Oracle a Silicon Valley stalwart, becomes the latest technology corporation to leave California, its home state due to higher taxes, steeper costs of living, and an increasing trend of remote working. This shift to Austin from Redwood City “means that many of our employees can choose their office location as well as continue to work from home part-time or all of the time,” Oracle said during a regulatory filing.
Yet, the company will continue to extend support to its previous headquarter in California and other offices in Santa Monica, California, Seattle, Denver, Orlando, Florida, and Burlington, Massachusetts. Oracle stated that it had 135,000 employees as reported in May and like several other companies, COVID-19 has forced them to allow employees’ flexibility in the working pattern.
Oracle opened a campus in Austin back in 2018 and made available an on-site apartment building which could host 10,000 employees with an aim to welcome a younger and cost-effective workforce. The company had stated last year that its largest annual conference, OpenWorld, would make a shift from San Francisco to Las Vegas. Texas Governor Greg Abbott gave Oracle a welcome via a tweet.
This move to shift headquarters comes during Oracle’s aim of cost-shedding as they transition from traditional software to cloud computing, as this has resulted in declining revenue for two fiscal years.
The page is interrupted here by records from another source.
lemma continuous_on_imp_extends_to_closure:
  fixes f :: "'a::t2_space \<Rightarrow> 'b::topological_space"
  assumes "open N" "closure A \<subseteq> N" "continuous_on N f"
  shows "extends_to_closure A f"
proof -
  have "isCont f x" if "x \<in> closure A" for x
    using assms that continuous_on_eq_continuous_at by blast
  then show ?thesis
    unfolding extends_to_closure_def by (meson continuous_at_imp_continuous_at_within continuous_within)
qed

lemma Ck_on_imp_Ck_cl:
  assumes N: "open N" "closure A \<subseteq> N" and f: "Ck_on m N f"
  shows "Ck_cl m A f"
  using f
proof (induction m arbitrary: f)
  case 0
  have "A \<subseteq> N" using N(2) closure_subset by blast
  with 0 show ?case
    using continuous_on_imp_extends_to_closure[OF N] continuous_on_subset
    unfolding Ck_cl_0_iff by auto
next
  case (Suc m)
  have "A \<subseteq> N" using N(2) closure_subset by blast
  moreover have "f differentiable_on N" using Suc.prems by simp
  ultimately show ?case
    using Suc continuous_on_imp_extends_to_closure[OF N differentiable_imp_continuous_on]
      differentiable_on_subset[of f N A]
    unfolding Ck_cl_Suc_iff by auto
qed

lemma tendsto_on_cl:
  fixes f :: "'a::topological_space \<Rightarrow> 'b::t2_space"
  assumes "x \<in> closure A" "extends_to_closure A f"
  shows "(f \<longlongrightarrow> on_cl A f x) (at x within A)"
proof (cases "at x within A = bot")
  case False
  obtain L where "(f \<longlongrightarrow> L) (at x within A)"
    using assms unfolding extends_to_closure_def by blast
  with False show ?thesis
    unfolding on_cl_def by (simp add: tendsto_Lim)
qed simp

lemma on_cl_eqI:
  fixes f :: "'a::topological_space \<Rightarrow> 'b::t2_space"
  assumes "at x within A \<noteq> bot" "(f \<longlongrightarrow> L) (at x within A)"
  shows "on_cl A f x = L"
  using assms unfolding on_cl_def by (simp add: tendsto_Lim)

lemma at_within_open_closure_neq_bot:
  fixes x :: "'a::perfect_space"
  assumes "open A" "x \<in> closure A"
  shows "at x within A \<noteq> bot"
proof (cases "x \<in> A")
  case True
  then show ?thesis using assms(1) at_within_open[of x A] by simp
next
  case False
  then have "x islimpt A" using assms(2) unfolding closure_def by blast
  then show ?thesis using trivial_limit_within by blast
qed

lemma on_cl_eq:
  fixes f :: "'a::perfect_space \<Rightarrow> 'b::t2_space"
  assumes "open A" "x \<in> A" "continuous_on A f"
  shows "on_cl A f x = f x"
proof (rule on_cl_eqI)
  show "at x within A \<noteq> bot"
    using assms(1,2) at_within_open[of x A] by simp
  show "(f \<longlongrightarrow> f x) (at x within A)"
    using assms(2,3) unfolding continuous_on_def by blast
qed

lemma on_cl_nonzero_imp_nonzero:
  fixes g :: "'a::perfect_space \<Rightarrow> 'b::{t2_space,zero}"
  assumes "open A" "continuous_on A g" "\<And>x. x \<in> closure A \<Longrightarrow> on_cl A g x \<noteq> 0" "x \<in> A"
  shows "g x \<noteq> 0"
proof -
  have "x \<in> closure A"
    using assms(4) closure_subset by blast
  then show ?thesis
    using assms(3) on_cl_eq[OF assms(1,4,2)] by metis
qed

lemma extends_to_closure_bounded_linear:
  "bounded_linear L \<Longrightarrow> extends_to_closure A f \<Longrightarrow> extends_to_closure A (\<lambda>x. L (f x))"
  unfolding extends_to_closure_def using bounded_linear.tendsto by blast

lemma extends_to_closure_add:
  fixes f g :: "'a::topological_space \<Rightarrow> 'b::topological_monoid_add"
  shows "extends_to_closure A f \<Longrightarrow> extends_to_closure A g \<Longrightarrow> extends_to_closure A (\<lambda>x. f x + g x)"
  unfolding extends_to_closure_def using tendsto_add by blast

lemma extends_to_closure_mult:
  fixes f g :: "'a::topological_space \<Rightarrow> 'b::real_normed_algebra"
  shows "extends_to_closure A f \<Longrightarrow> extends_to_closure A g \<Longrightarrow> extends_to_closure A (\<lambda>x. f x * g x)"
  unfolding extends_to_closure_def using tendsto_mult by blast

lemma extends_to_closure_inverse:
  fixes g :: "'a::topological_space \<Rightarrow> 'b::real_normed_div_algebra"
  assumes "extends_to_closure A g" "\<And>x. x \<in> closure A \<Longrightarrow> on_cl A g x \<noteq> 0"
  shows "extends_to_closure A (\<lambda>x. inverse (g x))"
  using assms tendsto_on_cl tendsto_inverse unfolding extends_to_closure_def by metis

lemma Ck_cl_const: "open A \<Longrightarrow> Ck_cl m A (\<lambda>x. c)"
proof (induction m arbitrary: c)
  case 0
  then show ?case by (auto simp: Ck_cl_0_iff extends_to_closure_def)
next
  case (Suc m)
  show ?case
    by (rule Ck_cl_SucI[OF Suc.prems _ has_derivative_const Suc.IH[OF Suc.prems]])
       (auto simp: extends_to_closure_def)
qed

lemma Ck_cl_bounded_linear:
  assumes L: "bounded_linear L" and A: "open A"
  shows "Ck_cl m A f \<Longrightarrow> Ck_cl m A (\<lambda>x. L (f x))"
proof (induction m arbitrary: f)
  case 0
  then show ?case
    unfolding Ck_cl_0_iff
    using bounded_linear.continuous_on[OF L] extends_to_closure_bounded_linear[OF L] by blast
next
  case (Suc m)
  note f = Ck_cl_SucD[OF A Suc.prems]
  show ?case
    by (rule Ck_cl_SucI[OF A extends_to_closure_bounded_linear[OF L f(1)]
          bounded_linear.has_derivative[OF L f(2)] Suc.IH[OF f(3)]])
qed

lemma Ck_cl_add:
  assumes A: "open A"
  shows "Ck_cl m A f \<Longrightarrow> Ck_cl m A g \<Longrightarrow> Ck_cl m A (\<lambda>x. f x + g x)"
proof (induction m arbitrary: f g)
  case 0
  then show ?case unfolding Ck_cl_0_iff using continuous_on_add extends_to_closure_add by blast
next
  case (Suc m)
  note f = Ck_cl_SucD[OF A Suc.prems(1)] and g = Ck_cl_SucD[OF A Suc.prems(2)]
  show ?case
    by (rule Ck_cl_SucI[OF A extends_to_closure_add[OF f(1) g(1)]
          has_derivative_add[OF f(2) g(2)] Suc.IH[OF f(3) g(3)]])
qed

lemma Ck_cl_mult:
  fixes f g :: "'a::real_normed_vector \<Rightarrow> 'b::real_normed_algebra"
  assumes A: "open A"
  shows "Ck_cl m A f \<Longrightarrow> Ck_cl m A g \<Longrightarrow> Ck_cl m A (\<lambda>x. f x * g x)"
proof (induction m arbitrary: f g)
  case 0
  then show ?case unfolding Ck_cl_0_iff using continuous_on_mult extends_to_closure_mult by blast
next
  case (Suc m)
  note f = Ck_cl_SucD[OF A Suc.prems(1)] and g = Ck_cl_SucD[OF A Suc.prems(2)]
  note f' = Ck_cl_Suc_imp[OF Suc.prems(1)] and g' = Ck_cl_Suc_imp[OF Suc.prems(2)]
  show ?case
    by (rule Ck_cl_SucI[OF A extends_to_closure_mult[OF f(1) g(1)] has_derivative_mult[OF f(2) g(2)]
          Ck_cl_add[OF A Suc.IH[OF f' g(3)] Suc.IH[OF f(3) g']]])
qed

lemma Ck_cl_minus: "open A \<Longrightarrow> Ck_cl m A f \<Longrightarrow> Ck_cl m A (\<lambda>x. - f x)"
  by (rule Ck_cl_bounded_linear[OF bounded_linear_minus[OF bounded_linear_ident]])

lemma Ck_cl_diff: "open A \<Longrightarrow> Ck_cl m A f \<Longrightarrow> Ck_cl m A g \<Longrightarrow> Ck_cl m A (\<lambda>x. f x - g x)"
  using Ck_cl_add[of A m f "\<lambda>x. - g x"] Ck_cl_minus[of A m g] by simp

lemma Ck_cl_inverse:
  fixes g :: "'a::{real_normed_vector,perfect_space} \<Rightarrow> 'b::real_normed_field"
  assumes A: "open A" and nz: "\<And>x. x \<in> closure A \<Longrightarrow> on_cl A g x \<noteq> 0"
  shows "Ck_cl m A g \<Longrightarrow> Ck_cl m A (\<lambda>x. inverse (g x))"
proof (induction m)
  case 0
  have "g x \<noteq> 0" if "x \<in> A" for x
    using on_cl_nonzero_imp_nonzero[OF A _ nz that] 0 unfolding Ck_cl_0_iff by blast
  with 0 show ?case
    unfolding Ck_cl_0_iff using continuous_on_inverse extends_to_closure_inverse nz by blast
next
  case (Suc m)
  note g = Ck_cl_SucD[OF A Suc.prems] and g' = Ck_cl_Suc_imp[OF Suc.prems]
  have "g x \<noteq> 0" if "x \<in> A" for x
    by (rule on_cl_nonzero_imp_nonzero[OF A Ck_cl_imp_continuous_on[OF g'] nz that])
  then show ?case
    by (intro Ck_cl_SucI[OF A extends_to_closure_inverse[OF g(1) nz] Deriv.has_derivative_inverse[OF _ g(2)]]
        Ck_cl_minus[OF A, OF Ck_cl_mult[OF A, OF Ck_cl_mult[OF A Suc.IH[OF g'] g(3)] Suc.IH[OF g']]])
qed

lemma Ck_cl_divide:
  fixes f g :: "'a::{real_normed_vector,perfect_space} \<Rightarrow> 'b::real_normed_field"
  assumes "open A" "\<And>x. x \<in> closure A \<Longrightarrow> on_cl A g x \<noteq> 0" "Ck_cl m A f" "Ck_cl m A g"
  shows "Ck_cl m A (\<lambda>x. f x / g x)"
  unfolding divide_inverse using assms by (simp add: Ck_cl_mult Ck_cl_inverse)

lemma Ck_cl_sum:
  assumes "open A" "\<And>i. i \<in> S \<Longrightarrow> Ck_cl m A (f i)"
  shows "Ck_cl m A (\<lambda>x. \<Sum>i\<in>S. f i x)"
  using assms(2)
proof (induction S rule: infinite_finite_induct)
  case (insert i S)
  then show ?case using Ck_cl_add[OF assms(1), of m "f i"] by simp
qed (simp_all add: Ck_cl_const assms(1))

lemma Ck_cl_prod:
  fixes f :: "'i \<Rightarrow> 'a::real_normed_vector \<Rightarrow> 'b::real_normed_field"
  assumes "open A" "\<And>i. i \<in> S \<Longrightarrow> Ck_cl m A (f i)"
  shows "Ck_cl m A (\<lambda>x. \<Prod>i\<in>S. f i x)"
  using assms(2)
proof (induction S rule: infinite_finite_induct)
  case (insert i S)
  then show ?case using Ck_cl_mult[OF assms(1), of m "f i"] by simp
qed (simp_all add: Ck_cl_const assms(1))

lemma Ck_cl_of_real: "open A \<Longrightarrow> Ck_cl m A f \<Longrightarrow> Ck_cl m A (\<lambda>x. of_real (f x) :: 'b::real_normed_algebra_1)"
  by (rule Ck_cl_bounded_linear[OF bounded_linear_of_real])

lemma Ck_cl_Re: "open A \<Longrightarrow> Ck_cl m A f \<Longrightarrow> Ck_cl m A (\<lambda>x. Re (f x))"
  by (rule Ck_cl_bounded_linear[OF bounded_linear_Re])

lemma Ck_cl_dz:
  assumes A: "open A" and g: "Ck_cl (Suc m) A g"
  shows "Ck_cl m A (dz j g)" "Ck_cl m A (dzb j g)"
proof -
  have "Ck_cl m A (pd v g)" for v
    using Ck_cl_SucD(3)[OF A g] unfolding pd_def[abs_def] .
  then have "Ck_cl m A (\<lambda>x. (pd (axis j 1) g x + c * pd (axis j \<i>) g x) / 2)" for c
    unfolding divide_inverse using A by (intro Ck_cl_mult Ck_cl_add Ck_cl_const)
  from this[of "- \<i>"] this[of \<i>] show "Ck_cl m A (dz j g)" "Ck_cl m A (dzb j g)"
    unfolding dz_def[abs_def] dzb_def[abs_def] by simp_all
qed

lemma Ck_cl_rz:
  assumes "open A" "Ck_cl (Suc m) A f"
  shows "Ck_cl m A (rz f i)" "Ck_cl m A (rzb f i)"
  using Ck_cl_dz[OF assms(1) Ck_cl_of_real[OF assms]]
  unfolding rz_def[abs_def] rzb_def[abs_def] cplx_def by simp_all

lemma Ck_cl_rH:
  assumes "open A" "Ck_cl (Suc (Suc m)) A f"
  shows "Ck_cl m A (\<lambda>y. rH f y i j)"
  using Ck_cl_dz(1)[OF assms(1) Ck_cl_rz(2)[OF assms]]
  unfolding rH_def[abs_def] rzb_def[abs_def] by simp

lemma Ck_cl_det:
  fixes M :: "'a::real_normed_vector \<Rightarrow> 'b::real_normed_field^'n::finite^'n"
  assumes "open A" "\<And>i j. Ck_cl m A (\<lambda>y. M y $ i $ j)"
  shows "Ck_cl m A (\<lambda>y. det (M y))"
  unfolding det_def using assms
  by (intro Ck_cl_sum Ck_cl_mult Ck_cl_const Ck_cl_prod) auto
The company said that it expects its sales to rise by 2% to 4% by the end of February 2021.
Started in 1977, Oracle has been a foundational company in the Silicon Valley area.
“There’s no birthright that says Silicon Valley has to get all the great tech companies,” Mahoney stated in an interview before Oracle’s announcement. “But it does have a special sauce that no other place has been able to replicate.”
California remains a highly preferred place for companies due to the presence of world-class Universities and great weather, all in one place.